'Happily ever after'

Bringing a spiritual perspective to daily life

Is there a "happily ever after" for Joe Millionaire or for Trista, the Bachelorette? Is everlasting joy just an illusive fairy tale, or a real possibility?

We would love to think that happy endings mean lasting joy and that the lovers will walk blissfully into the sunset of life.

But happy endings begin with happy "nows." They appear in attitudes and daily choices that are lasting and valuable. We each have opportunities every day to improve our tomorrows by improving our nows. With each intelligent and more spiritually based choice we make, our lives begin to reflect a higher standard that will not be lost. Whatever is selfish or merely sense-based isn't lasting, but by its very nature must change. Many of us learn this the hard way. I did.

When I was 16, my newly divorced parents were reeling with the challenges of trying to figure out how to start their lives over. It was tough for my folks to provide guidance for us three kids when their world was spiraling out of control. I went elsewhere for love and ended up making some poor choices. By age 17 I had a young child to raise and a very poor sense of who I was or where I was going.

I began looking for something or someone to make me feel fulfilled. I looked for love in all the wrong places, as the song goes, until my foolish choices sent me into a pit of despair, drug use, and fear, with no future in sight.

At a particularly low point, my boyfriend's mother, Grace, gave me a book to read. I had no love for books and had never read one from cover to cover, but Grace was a kind and vibrant woman, so I accepted the book.

I didn't think much about it until another desperate moment caused me to remember the promise that Grace made to me when she handed me "Science and Health with Key to the Scriptures" by Mary Baker Eddy. She told me that it would change my life. By then, my life was pretty messed up, and I was tired of suffering, so I decided to read that little book, hoping for a change.

The first time I opened it, I turned at random to a passage about an old man who was an actor. (I was an entertainer then.) This man sat aching in his chair until his cue was spoken, and then he was able to jump up and move around with the same vigor as the youngest member of the cast (see pg. 261). I totally understood what this book was talking about. The demand to play his part caused him to lose himself in the joy of his acting. The freedom that brought him was something I had experienced when I was on stage. I found that I could hit notes I was unable to hit in rehearsal.

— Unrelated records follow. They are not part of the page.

(* Unpruned multiplication is an associative binary operation on $UT^1(\Sigma)$, and the isomorphism type of the trivial tree is an identity element for it. The set $UT(\Sigma)$ of isomorphism types of non-trivial trees is a subsemigroup of $UT^1(\Sigma)$. The maps $X\mapsto X^{(+)}$ and $X\mapsto X^{( * )}$ are idempotent unary operations on $UT^1(\Sigma)$, and the subsemigroup generated by their images is commutative.
   Context: Let $\Sigma$ be a set. A $\Sigma$-tree is a finite directed graph whose underlying undirected graph is a tree, edges labelled by elements of $\Sigma$, with distinguished start and end vertices such that there is a (possibly empty) directed path from the start vertex to the end vertex; it is trivial if it has only one vertex. Isomorphism of $\Sigma$-trees means a label-preserving graph isomorphism preserving start and end vertices. $UT^1(\Sigma)$ is the set of isomorphism types of $\Sigma$-trees. Unpruned multiplication: $X\times Y$ is obtained from disjoint representatives of $X$ and $Y$ by identifying the end vertex of $X$ with the start vertex of $Y$, with start vertex that of $X$ and end vertex that of $Y$. $X^{(+)}$ is the tree with the same graph and start vertex as $X$ but with end vertex equal to the start vertex; $X^{( * )}$ has the same graph and end vertex as $X$ but start vertex equal to the end vertex. *)

theory Defs
  imports Main
begin

text \<open>A Sigma-tree, with labels of type 's (the alphabet Sigma is the type 's).
  Vertices are natural numbers (every finite tree has such a representative).
  An edge is a triple (source, label, target).\<close>

record 's stree =
  verts :: "nat set"
  edges :: "(nat \<times> 's \<times> nat) set"
  st :: nat
  en :: nat

definition joins :: "(nat \<times> 's \<times> nat) \<Rightarrow> nat \<Rightarrow> nat \<Rightarrow> bool" where
  "joins e u v \<longleftrightarrow> (fst e = u \<and> snd (snd e) = v) \<or> (fst e = v \<and> snd (snd e) = u)"

definition uadj :: "(nat \<times> 's \<times> nat) set \<Rightarrow> (nat \<times> nat) set" where
  "uadj E = {(u, v). \<exists>a. (u, a, v) \<in> E \<or> (v, a, u) \<in> E}"

definition dadj :: "(nat \<times> 's \<times> nat) set \<Rightarrow> (nat \<times> nat) set" where
  "dadj E = {(u, v). \<exists>a. (u, a, v) \<in> E}"

text \<open>An (undirected) cycle in the underlying multigraph: k \<ge> 1 distinct edges
  and k distinct vertices v_0..v_{k-1}, edge i joining v_i and v_{(i+1) mod k}
  (this includes loops, k = 1, and pairs of parallel edges, k = 2).\<close>
definition has_ucycle :: "(nat \<times> 's \<times> nat) set \<Rightarrow> bool" where
  "has_ucycle E \<longleftrightarrow> (\<exists>vs es. length vs = length es \<and> length es \<ge> 1 \<and>
      distinct vs \<and> distinct es \<and> set es \<subseteq> E \<and>
      (\<forall>i < length es. joins (es ! i) (vs ! i) (vs ! ((i + 1) mod length es))))"

definition is_utree :: "nat set \<Rightarrow> (nat \<times> 's \<times> nat) set \<Rightarrow> bool" where
  "is_utree V E \<longleftrightarrow> finite V \<and> finite E \<and> V \<noteq> {} \<and>
     (\<forall>(u, a, v) \<in> E. u \<in> V \<and> v \<in> V) \<and>
     (\<forall>u \<in> V. \<forall>v \<in> V. (u, v) \<in> (uadj E)\<^sup>*) \<and>
     \<not> has_ucycle E"

definition is_tree :: "'s stree \<Rightarrow> bool" where
  "is_tree X \<longleftrightarrow> is_utree (verts X) (edges X) \<and> st X \<in> verts X \<and> en X \<in> verts X \<and>
     (st X, en X) \<in> (dadj (edges X))\<^sup>*"

definition trivial_tree :: "'s stree \<Rightarrow> bool" where
  "trivial_tree X \<longleftrightarrow> card (verts X) = 1"

definition tree_iso :: "'s stree \<Rightarrow> 's stree \<Rightarrow> bool" where
  "tree_iso X Y \<longleftrightarrow> (\<exists>f. bij_betw f (verts X) (verts Y) \<and>
     edges Y = (\<lambda>(u, a, v). (f u, a, f v)) ` edges X \<and>
     f (st X) = st Y \<and> f (en X) = en Y)"

definition tclass :: "'s stree \<Rightarrow> 's stree set" where
  "tclass X = {Y. is_tree Y \<and> tree_iso X Y}"

definition UT1 :: "'s stree set set" where
  "UT1 = {tclass X | X. is_tree X}"

definition UT :: "'s stree set set" where
  "UT = {tclass X | X. is_tree X \<and> \<not> trivial_tree X}"

definition triv_tree :: "'s stree" where
  "triv_tree = \<lparr>verts = {0}, edges = {}, st = 0, en = 0\<rparr>"

text \<open>Unpruned product of concrete trees: X is relabelled by v \<mapsto> 2v, Y by v \<mapsto> 2v+1
  (making them disjoint), and the start vertex of Y is identified with the end of X.\<close>
definition glueY :: "'s stree \<Rightarrow> 's stree \<Rightarrow> nat \<Rightarrow> nat" where
  "glueY X Y v = (if v = st Y then 2 * en X else 2 * v + 1)"

definition tmult :: "'s stree \<Rightarrow> 's stree \<Rightarrow> 's stree" where
  "tmult X Y = \<lparr>verts = (\<lambda>v. 2 * v) ` verts X \<union> glueY X Y ` verts Y,
     edges = (\<lambda>(u, a, v). (2 * u, a, 2 * v)) ` edges X
             \<union> (\<lambda>(u, a, v). (glueY X Y u, a, glueY X Y v)) ` edges Y,
     st = 2 * st X, en = glueY X Y (en Y)\<rparr>"

definition tplus :: "'s stree \<Rightarrow> 's stree" where
  "tplus X = X\<lparr>en := st X\<rparr>"

definition tstar :: "'s stree \<Rightarrow> 's stree" where
  "tstar X = X\<lparr>st := en X\<rparr>"

definition cmult :: "'s stree set \<Rightarrow> 's stree set \<Rightarrow> 's stree set" where
  "cmult A B = tclass (tmult (SOME X. X \<in> A) (SOME Y. Y \<in> B))"

definition cplus :: "'s stree set \<Rightarrow> 's stree set" where
  "cplus A = tclass (tplus (SOME X. X \<in> A))"

definition cstar :: "'s stree set \<Rightarrow> 's stree set" where
  "cstar A = tclass (tstar (SOME X. X \<in> A))"

inductive_set gen_subsemigroup :: "'s stree set set \<Rightarrow> 's stree set set"
  for S :: "'s stree set set" where
  base: "A \<in> S \<Longrightarrow> A \<in> gen_subsemigroup S"
| mult: "A \<in> gen_subsemigroup S \<Longrightarrow> B \<in> gen_subsemigroup S \<Longrightarrow>
         cmult A B \<in> gen_subsemigroup S"

end

theory Submission
  imports Defs
begin
(* Let $\alpha\in\mathbb{Q}(i)\setminus\mathbb{R}$ with $|\alpha|>1$, let $P_\alpha(X)=a_2X^2+a_1X+a_0$ with $a_0,a_1,a_2\in\mathbb{Z}$ coprime, $a_2>0$ and $P_\alpha(\alpha)=0$, let $\mathcal{D}=\{0,1,\ldots,|a_0|-1\}$, and let $\Lambda_\alpha=\mathbb{Z}[\alpha]\cap\alpha^{-1}\mathbb{Z}[\alpha^{-1}]$. Then for every $x\in\Lambda_\alpha$ there is a unique $d\in\mathcal{D}$ such that $\frac{x-d}{\alpha}\in\Lambda_\alpha$; consequently the backward division map $T_\alpha:\Lambda_\alpha\to\Lambda_\alpha$, $x\mapsto \frac{x-d}{\alpha}$ with this $d$, is well defined.
   Context: It is known that $\Lambda_\alpha=a_2\mathbb{Z}+(a_2\alpha+a_1)\mathbb{Z}$ is a lattice in $\mathbb{C}$. *)

theory Defs
  imports Complex_Main
begin

definition int_adjoin :: "complex \<Rightarrow> complex set" where
  "int_adjoin a = {z. \<exists>n (c :: nat \<Rightarrow> int). z = (\<Sum>i\<le>n. of_int (c i) * a ^ i)}"

definition Lambda :: "complex \<Rightarrow> complex set" where
  "Lambda a = int_adjoin a \<inter> (\<lambda>z. inverse a * z) ` int_adjoin (inverse a)"

end

theory Submission
  imports Defs "HOL-Computational_Algebra.Polynomial_Factorial"
begin

text \<open>
  Write \<open>\<omega> = a\<^sub>2\<alpha> + a\<^sub>1\<close>, so that \<open>a\<^sub>0 = -\<alpha>\<omega>\<close>. The set \<open>\<Lambda>\<^sub>\<alpha>\<close> is the lattice
  \<open>a\<^sub>2\<int> + \<omega>\<int>\<close>. The nontrivial inclusion: if \<open>x = P(\<alpha>)\<close> and \<open>\<alpha>\<^sup>m x = R(\<alpha>)\<close> with
  \<open>deg R < m\<close>, then the primitive quadratic \<open>f = a\<^sub>2X\<^sup>2 + a\<^sub>1X + a\<^sub>0\<close> divides
  \<open>X\<^sup>m P - R\<close> in \<open>\<int>[X]\<close> (the remainder of a pseudo-division is a linear integer
  polynomial vanishing at the non-real \<open>\<alpha>\<close>, and Gauss's lemma removes the scaling factor).
  Splitting the quotient at degree \<open>m - 1\<close> shows \<open>XP \<equiv> -a\<^sub>0s + a\<^sub>2tX (mod f)\<close> for
  integers \<open>s, t\<close>, and evaluating at \<open>\<alpha>\<close> gives \<open>x = ta\<^sub>2 + s\<omega>\<close>.

  For \<open>x = ua\<^sub>2 + v\<omega>\<close> and \<open>N = a\<^sub>2u + a\<^sub>1v\<close> we get
  \<open>(x - d)/\<alpha> = va\<^sub>2 - ((N - d)/a\<^sub>0)\<omega>\<close>, which lies in the lattice iff \<open>a\<^sub>0\<close> divides
  \<open>N - d\<close>; so the digit is \<open>d = N mod |a\<^sub>0|\<close>.
\<close>

definition ipoly :: "int poly \<Rightarrow> complex \<Rightarrow> complex" where
  "ipoly p a = poly (map_poly of_int p) a"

This book was so right on, and it spoke to me. I continued reading it night and day. It became a close friend and guide. I loved the natural transformation of my thought, and therefore of my experience, that took place as I read and studied the book in conjunction with the Bible. Fulfillment and lasting relationships were the natural result of better thinking. It was wonderful.

Soon I began to discover the love I yearned for and where the "happily ever after" I hoped for is found. They couldn't be lost in the mistakes of my past or the troubles of my parents. Nor did I have to wait for some time in the elusive future to find the fulfillment I longed for.

I realized and continue to discover, many years later, that everything a person hopes for is in the now of his or her God-given nature. It is part of our package as the individual expression of God to be complete in the continuously unfolding "nows" of life.

The opening line of Science and Health reads: "To those leaning on the sustaining infinite, to-day is big with blessings." This is a real "now" statement we can prove in our lives today.

We are loved by our Creator and worthy of all that we hope for. The music of our lives is a masterpiece of originality and beauty. We don't have to wait for someone or something outside to find our "happily ever after"; we can find it now as children of the one God. In that discovery, we are blessed ever after.

I know the thoughts that I think toward you, saith the Lord, thoughts of peace, and not of evil, to give you an expected end.